It became clearer and clearer that the chaos and specific patterns are built into nature’s most basic rules. As fractal geometry describes all the shapes in the natural world are a mathematical principle known as self-similarity which the same shape is repeated over and over again at smaller and smaller scales. This finding has a broad and deep impact on financial industry as well as defining intelligence.

I recommend <The Misbehavior of Markets: A Fractal View of Financial Turbulence> from Benoit Mandelbrot if you are interested.

The same fractal as above, magnified 2000-fold, where the Mandelbrot set fine detail resembles the detail at low magnification.

Even for evolution, it is a process which is built on these patterns and taken them as the raw ingredients and combined them together in various ways then experimented to see what works and what doesn’t. Keep the things that do work and build on that. It is a completely unconscious process. In other words, evolution is using nature’s self-organizing patterns. It is based on the simple rules to replicate and the feedback from the environment to build up the ever-increasing complex system upon the continuous small mutations.
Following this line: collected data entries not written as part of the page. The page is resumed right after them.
(* Let $d_1,d_2,d_3\ge2$, $A\in\mathbb{R}^{d_1\times d_2}_{>0}$ and $B\in\mathbb{R}^{d_2\times d_3}_{>0}$ (all entries strictly positive). Then \[ R(AB)\le \Phi\bigl(R(A),R(B)\bigr). \]
   Context: For a matrix $A=(a_{ik})\in\mathbb{R}^{d_1\times d_2}$ with strictly positive entries, its distortion is $R(A)=\max_{1\le i,j\le d_1,\ 1\le k,\ell\le d_2}\frac{a_{ik}a_{j\ell}}{a_{i\ell}a_{jk}}$ (so $R(A)\ge1$). The envelope function is $\Phi(\alpha,\beta)=\left(\frac{1+\sqrt{\alpha\beta}}{\sqrt{\alpha}+\sqrt{\beta}}\right)^2$ for $\alpha,\beta\ge1$. *)

theory Defs
  imports "HOL-Analysis.Analysis"
begin

text \<open>Matrices A in R^(d1 x d2) are represented as real^'d2^'d1 (rows indexed by 'd1,
  columns by 'd2); A $ i $ k is the entry a_ik.\<close>

definition pos_matrix :: "real^'n^'m \<Rightarrow> bool" where
  "pos_matrix A \<longleftrightarrow> (\<forall>i k. A $ i $ k > 0)"

definition distortion :: "real^'n^'m \<Rightarrow> real" where
  "distortion A = Max {(A $ i $ k * A $ j $ l) / (A $ i $ l * A $ j $ k) | i j k l. True}"

definition envelope :: "real \<Rightarrow> real \<Rightarrow> real" where
  "envelope \<alpha> \<beta> = ((1 + sqrt (\<alpha> * \<beta>)) / (sqrt \<alpha> + sqrt \<beta>))^2"

end

theory Submission
  imports Defs
begin

text \<open>For rows i, j of A and columns k, l of B put w m = a_im b_mk, f m = a_jm / a_im and
  g m = b_ml / b_mk. The cross ratio of AB at (i, j, k, l) is then
  (\<Sum>w)(\<Sum>wfg) / ((\<Sum>wf)(\<Sum>wg)), and by definition of the distortion f and g vary by
  factors at most \<alpha> = R(A) and \<beta> = R(B). After rescaling f and g to take values in [1, \<alpha>]
  and [1, \<beta>], the pointwise inequalities (f - 1)(\<beta> - g) \<ge> 0 and (g - 1)(\<alpha> - f) \<ge> 0
  bound (\<Sum>w)(\<Sum>wfg) - (\<Sum>wf)(\<Sum>wg) by two products of averages, and an AM-GM estimate
  shows that the smaller of the two is at most (\<Phi>(\<alpha>, \<beta>) - 1)(\<Sum>wf)(\<Sum>wg).\<close>

lemma envelope_minus_one:
  fixes \<alpha> \<beta> :: real
  assumes "\<alpha> \<ge> 1" "\<beta> \<ge> 1"
  shows "envelope \<alpha> \<beta> - 1 = (\<alpha> - 1) * (\<beta> - 1) / (sqrt \<alpha> + sqrt \<beta>)^2"
proof -
  define s t where "s = sqrt \<alpha>" and "t = sqrt \<beta>"
  have "s + t > 0" using assms by (simp add: s_def t_def add_pos_pos)
  then have "((1 + s * t) / (s + t))^2 - 1 = ((1 + s * t)^2 - (s + t)^2) / (s + t)^2"
    by (simp add: power_divide diff_divide_distrib)
  also have "(1 + s * t)^2 - (s + t)^2 = (s^2 - 1) * (t^2 - 1)"
    by (simp add: power2_eq_square algebra_simps)
  finally show ?thesis
    using assms by (simp add: envelope_def real_sqrt_mult s_def t_def)
qed

lemma min_cross_products_le:
  fixes \<alpha> \<beta> a b c d :: real
  assumes "\<alpha> \<ge> 1" "\<beta> \<ge> 1" "a \<ge> 0" "b \<ge> 0" "c \<ge> 0" "d \<ge> 0"
    and a_b: "a + \<alpha> * b = \<alpha> - 1" and c_d: "c + \<beta> * d = \<beta> - 1"
  shows "min (b * c) (a * d) * (sqrt \<alpha> + sqrt \<beta>)^2 \<le> (\<alpha> - 1) * (\<beta> - 1)"
proof (cases "a * b = 0")
  case True
  then have "min (b * c) (a * d) = 0" using assms(3-6) by auto
  then show ?thesis using assms(1,2) by simp
next
  case False
  then have ab_pos: "a * b > 0" using assms(3,4) by (simp add: less_le)
  define m where "m = min (b * c) (a * d)"
  define s t where "s = sqrt \<alpha>" and "t = sqrt \<beta>"
  have \<alpha>\<beta>: "\<alpha> = s^2" "\<beta> = t^2" using assms(1,2) by (simp_all add: s_def t_def)
  have "m \<ge> 0" using assms(3-6) by (simp add: m_def)
  have amgm: "2 * (s * t) * (a * b) \<le> a^2 + \<alpha> * \<beta> * b^2"
    using sum_power2_ge_zero [of "a - s * t * b" 0]
    by (simp add: \<alpha>\<beta> power2_eq_square algebra_simps)
  have "a * m + \<beta> * (b * m) \<le> a * (b * c) + \<beta> * (b * (a * d))"
    using assms(2-4) by (intro add_mono mult_left_mono) (auto simp: m_def)
  also have "\<dots> = a * b * (\<beta> - 1)" using c_d by (simp add: algebra_simps flip: c_d)
  finally have "(m * (a + \<beta> * b)) * (a + \<alpha> * b) \<le> (a * b * (\<beta> - 1)) * (a + \<alpha> * b)"
    using assms(1,3,4) by (intro mult_right_mono) (simp_all add: algebra_simps)
  then have "m * (a + \<beta> * b) * (a + \<alpha> * b) \<le> a * b * (\<beta> - 1) * (\<alpha> - 1)"
    by (simp only: a_b)
  moreover have "m * (a * b * (s + t)^2) \<le> m * (a + \<beta> * b) * (a + \<alpha> * b)"
    using mult_left_mono [OF amgm \<open>m \<ge> 0\<close>]
    by (simp add: \<alpha>\<beta> power2_eq_square algebra_simps)
  ultimately have "a * b * (m * (s + t)^2) \<le> a * b * ((\<alpha> - 1) * (\<beta> - 1))"
    by (simp add: algebra_simps)
  then show ?thesis using ab_pos unfolding m_def s_def t_def by (rule mult_left_le_imp_le)
qed

lemma product_le_envelope:
  fixes \<alpha> \<beta> W P Q T :: real
  assumes "W > 0" "W \<le> P" "P \<le> \<alpha> * W" "W \<le> Q" "Q \<le> \<beta> * W"
    and T_P: "T \<le> \<beta> * P + Q - \<beta> * W" and T_Q: "T \<le> P + \<alpha> * Q - \<alpha> * W"
  shows "W * T \<le> envelope \<alpha> \<beta> * P * Q"
proof -
  have "\<alpha> \<ge> 1" "\<beta> \<ge> 1"
    using order_trans [OF assms(2,3)] order_trans [OF assms(4,5)] assms(1)
    by (simp_all add: mult_le_cancel_right1)
  have "P > 0" "Q > 0" using assms(1,2,4) by simp_all
  \<comment> \<open>chosen so that \<open>b c P Q\<close> and \<open>a d P Q\<close> are the two bounds for \<open>W T - P Q\<close> below\<close>
  define a b c d where "a = (\<alpha> * W - P) / P" and "b = (P - W) / P"
    and "c = (\<beta> * W - Q) / Q" and "d = (Q - W) / Q"
  have "min (b * c) (a * d) * (sqrt \<alpha> + sqrt \<beta>)^2 \<le> (\<alpha> - 1) * (\<beta> - 1)"
    using \<open>\<alpha> \<ge> 1\<close> \<open>\<beta> \<ge> 1\<close> \<open>P > 0\<close> \<open>Q > 0\<close> assms(2-5)
    by (intro min_cross_products_le) (simp_all add: a_def b_def c_def d_def field_simps)
  moreover have "(sqrt \<alpha> + sqrt \<beta>)^2 > 0"
    using \<open>\<alpha> \<ge> 1\<close> \<open>\<beta> \<ge> 1\<close> by (intro zero_less_power add_pos_pos) simp_all
  ultimately have min_le: "min (b * c) (a * d) \<le> envelope \<alpha> \<beta> - 1"
    using \<open>\<alpha> \<ge> 1\<close> \<open>\<beta> \<ge> 1\<close> by (simp add: envelope_minus_one le_divide_eq)
  have "W * T - P * Q \<le> (P - W) * (\<beta> * W - Q)"
    using mult_left_mono [OF T_P, of W] assms(1) by (simp add: algebra_simps)
  moreover have "W * T - P * Q \<le> (\<alpha> * W - P) * (Q - W)"
    using mult_left_mono [OF T_Q, of W] assms(1) by (simp add: algebra_simps)
  moreover have "b * c * (P * Q) = (P - W) * (\<beta> * W - Q)"
    and "a * d * (P * Q) = (\<alpha> * W - P) * (Q - W)"
    using \<open>P > 0\<close> \<open>Q > 0\<close> by (simp_all add: a_def b_def c_def d_def)
  ultimately have "W * T - P * Q \<le> min (b * c) (a * d) * (P * Q)"
    using \<open>P > 0\<close> \<open>Q > 0\<close> by (simp add: min_mult_distrib_right)
  also have "\<dots> \<le> (envelope \<alpha> \<beta> - 1) * (P * Q)"
    using min_le \<open>P > 0\<close> \<open>Q > 0\<close> by (simp add: mult_right_mono)
  finally show ?thesis by (simp add: algebra_simps)
qed

lemma weighted_sum_product_le_envelope:
  fixes w f g :: "'i \<Rightarrow> real"
  assumes "finite I" "I \<noteq> {}"
    and w_pos: "\<And>m. m \<in> I \<Longrightarrow> w m > 0"
    and f_pos: "\<And>m. m \<in> I \<Longrightarrow> f m > 0" and g_pos: "\<And>m. m \<in> I \<Longrightarrow> g m > 0"
    and f_spread: "\<And>m n. m \<in> I \<Longrightarrow> n \<in> I \<Longrightarrow> f m \<le> \<alpha> * f n"
    and g_spread: "\<And>m n. m \<in> I \<Longrightarrow> n \<in> I \<Longrightarrow> g m \<le> \<beta> * g n"
  shows "(\<Sum>m\<in>I. w m) * (\<Sum>m\<in>I. w m * f m * g m)
    \<le> envelope \<alpha> \<beta> * (\<Sum>m\<in>I. w m * f m) * (\<Sum>m\<in>I. w m * g m)"
proof -
  define \<rho> \<sigma> where "\<rho> = Min (f ` I)" and "\<sigma> = Min (g ` I)"
  have "\<rho> \<in> f ` I" "\<sigma> \<in> g ` I" using assms(1,2) by (simp_all add: \<rho>_def \<sigma>_def)
  then obtain p q where "p \<in> I" "q \<in> I" "\<rho> = f p" "\<sigma> = g q" by blast
  have f_ge: "\<rho> \<le> f m" and g_ge: "\<sigma> \<le> g m" if "m \<in> I" for m
    using that assms(1) by (simp_all add: \<rho>_def \<sigma>_def)
  have f_le: "f m \<le> \<alpha> * \<rho>" and g_le: "g m \<le> \<beta> * \<sigma>" if "m \<in> I" for m
    using that f_spread g_spread \<open>p \<in> I\<close> \<open>q \<in> I\<close> \<open>\<rho> = f p\<close> \<open>\<sigma> = g q\<close> by simp_all
  have "\<rho> > 0" "\<sigma> > 0" using f_pos g_pos \<open>p \<in> I\<close> \<open>q \<in> I\<close> \<open>\<rho> = f p\<close> \<open>\<sigma> = g q\<close> by simp_all
  define W P Q T where "W = (\<Sum>m\<in>I. w m)" and "P = (\<Sum>m\<in>I. w m * f m)"
    and "Q = (\<Sum>m\<in>I. w m * g m)" and "T = (\<Sum>m\<in>I. w m * f m * g m)"
  have "W > 0" unfolding W_def using assms(1,2) w_pos by (simp add: sum_pos)
  have "\<rho> * \<sigma> * W \<le> \<sigma> * P" "\<sigma> * P \<le> \<alpha> * (\<rho> * \<sigma> * W)"
    "\<rho> * \<sigma> * W \<le> \<rho> * Q" "\<rho> * Q \<le> \<beta> * (\<rho> * \<sigma> * W)"
    unfolding W_def P_def Q_def sum_distrib_left
    using w_pos f_ge f_le g_ge g_le \<open>\<rho> > 0\<close> \<open>\<sigma> > 0\<close>
    by (auto intro!: sum_mono simp: mult.left_commute mult_left_mono)
  moreover have "0 \<le> (\<Sum>m\<in>I. w m * (f m - \<rho>) * (\<beta> * \<sigma> - g m))"
    "0 \<le> (\<Sum>m\<in>I. w m * (g m - \<sigma>) * (\<alpha> * \<rho> - f m))"
    using w_pos [THEN less_imp_le] f_ge f_le g_ge g_le
    by (auto intro!: sum_nonneg mult_nonneg_nonneg)
  then have "T \<le> \<beta> * (\<sigma> * P) + \<rho> * Q - \<beta> * (\<rho> * \<sigma> * W)"
    "T \<le> \<sigma> * P + \<alpha> * (\<rho> * Q) - \<alpha> * (\<rho> * \<sigma> * W)"
    unfolding W_def P_def Q_def T_def
    by (simp_all add: algebra_simps sum.distrib sum_subtractf sum_distrib_left)
  ultimately have "(\<rho> * \<sigma>) * (W * T) \<le> (\<rho> * \<sigma>) * (envelope \<alpha> \<beta> * P * Q)"
    using product_le_envelope [of "\<rho> * \<sigma> * W" "\<sigma> * P" \<alpha> "\<rho> * Q" \<beta> T]
      \<open>W > 0\<close> \<open>\<rho> > 0\<close> \<open>\<sigma> > 0\<close> by (simp add: algebra_simps)
  then show ?thesis
    using \<open>\<rho> > 0\<close> \<open>\<sigma> > 0\<close> by (simp add: W_def P_def Q_def T_def)
qed

lemma finite_cross_ratios:
  fixes A :: "real^'n^'m"
  shows "finite {(A $ i $ k * A $ j $ l) / (A $ i $ l * A $ j $ k) | i j k l. True}"
proof (rule finite_subset)
  show "{(A $ i $ k * A $ j $ l) / (A $ i $ l * A $ j $ k) | i j k l. True}
      \<subseteq> (\<lambda>(i, j, k, l). A $ i $ k * A $ j $ l / (A $ i $ l * A $ j $ k)) ` UNIV"
    by (auto simp: image_def)
qed simp

lemma cross_ratio_le_distortion:
  fixes A :: "real^'n^'m"
  shows "A $ i $ k * A $ j $ l / (A $ i $ l * A $ j $ k) \<le> distortion A"
  unfolding distortion_def by (rule Max_ge [OF finite_cross_ratios]) blast

lemma distortion_attained:
  fixes A :: "real^'n^'m"
  obtains i j k l where "distortion A = A $ i $ k * A $ j $ l / (A $ i $ l * A $ j $ k)"
proof -
  have "distortion A \<in> {(A $ i $ k * A $ j $ l) / (A $ i $ l * A $ j $ k) | i j k l. True}"
    unfolding distortion_def by (rule Max_in [OF finite_cross_ratios]) blast
  then show ?thesis using that by blast
qed

lemma matrix_mult_cross_ratio_le_envelope:
  fixes A :: "real^'n^'m" and B :: "real^'p^'n"
  assumes A_pos: "pos_matrix A" and B_pos: "pos_matrix B"
  shows "(A ** B) $ i $ k * (A ** B) $ j $ l / ((A ** B) $ i $ l * (A ** B) $ j $ k)
    \<le> envelope (distortion A) (distortion B)"
proof -
  define w f g where "w m = A $ i $ m * B $ m $ k" and "f m = A $ j $ m / A $ i $ m"
    and "g m = B $ m $ l / B $ m $ k" for m
  have pos: "A $ r $ m > 0" "B $ m $ c > 0" for r m c
    using A_pos B_pos by (simp_all add: pos_matrix_def)
  then have nonzero: "A $ r $ m \<noteq> 0" "B $ m $ c \<noteq> 0" for r m c
    by (metis less_irrefl)+
  have f_spread: "f m \<le> distortion A * f n" for m n
  proof -
    have "f m = A $ j $ m * A $ i $ n / (A $ j $ n * A $ i $ m) * f n"
      using nonzero by (simp add: f_def field_simps)
    also have "\<dots> \<le> distortion A * f n"
      using pos by (intro mult_right_mono cross_ratio_le_distortion) (simp add: f_def less_imp_le)
    finally show ?thesis .
  qed
  have g_spread: "g m \<le> distortion B * g n" for m n
  proof -
    have "g m = B $ m $ l * B $ n $ k / (B $ m $ k * B $ n $ l) * g n"
      using nonzero by (simp add: g_def field_simps)
    also have "\<dots> \<le> distortion B * g n"
      using pos by (intro mult_right_mono cross_ratio_le_distortion) (simp add: g_def less_imp_le)
    finally show ?thesis .
  qed
  have entries: "(A ** B) $ i $ k = (\<Sum>m\<in>UNIV. w m)"
    "(A ** B) $ j $ l = (\<Sum>m\<in>UNIV. w m * f m * g m)"
    "(A ** B) $ j $ k = (\<Sum>m\<in>UNIV. w m * f m)"
    "(A ** B) $ i $ l = (\<Sum>m\<in>UNIV. w m * g m)"
    using nonzero by (simp_all add: matrix_matrix_mult_def w_def f_def g_def mult.commute)
  have "(A ** B) $ i $ l * (A ** B) $ j $ k > 0"
    using pos by (simp add: matrix_matrix_mult_def sum_pos)
  moreover have "(A ** B) $ i $ k * (A ** B) $ j $ l
      \<le> envelope (distortion A) (distortion B) * (A ** B) $ j $ k * (A ** B) $ i $ l"
    unfolding entries using pos f_spread g_spread
    by (intro weighted_sum_product_le_envelope) (simp_all add: w_def f_def g_def)
  ultimately show ?thesis by (simp add: pos_divide_le_eq ac_simps)
qed

theorem mainTheorem9:
  fixes A :: "real^'d2^'d1" and B :: "real^'d3^'d2"
  assumes "CARD('d1) \<ge> 2" and "CARD('d2) \<ge> 2" and "CARD('d3) \<ge> 2"
    and "pos_matrix A" and "pos_matrix B"
  shows "distortion (A ** B) \<le> envelope (distortion A) (distortion B)"
proof -
  obtain i j k l where "distortion (A ** B)
      = (A ** B) $ i $ k * (A ** B) $ j $ l / ((A ** B) $ i $ l * (A ** B) $ j $ k)"
    by (rule distortion_attained)
  then show ?thesis using matrix_mult_cross_ratio_le_envelope [OF assms(4,5)] by simp
qed

end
Let’s go back to the entropy maximization theory, we can find the evolution is actually presenting a similar behavior. If we look back, we can say that the things happen right now like ‘intelligence’ could just be an “accident” which emerges from a long-term unconscious drive of nature to increase future freedom of action or avoid constraints of its own future following from simple rules. From the science perspective the entropy maximization rule does not prevent evolution from happening but in fact, it demands that ordered self-maintaining structures appear to maximize entropy with maximum efficiency:

  1. Ordered systems are more efficient than unordered systems in maximizing entropy.
  2. Self-maintaining, ordered systems will appear spontaneously wherever there is sufficient potential.

In short, the basic concept we can extract from this process is that the unthinking simple rules have the power to create complex systems without any conscious thought. It also implies that design does not need any interfering creator/designer and it is an inherent part of the universe.

“One of the things that makes people so uncomfortable about this idea is if you will spontaneously pattern from it is that somehow you don’t need a creator but perhaps a really clever ‘designer’, what you will do is to treat the universe like a giant simulation where you set some initial condition and just let the whole things spontaneously happen in all its wonder and all of its beauty.”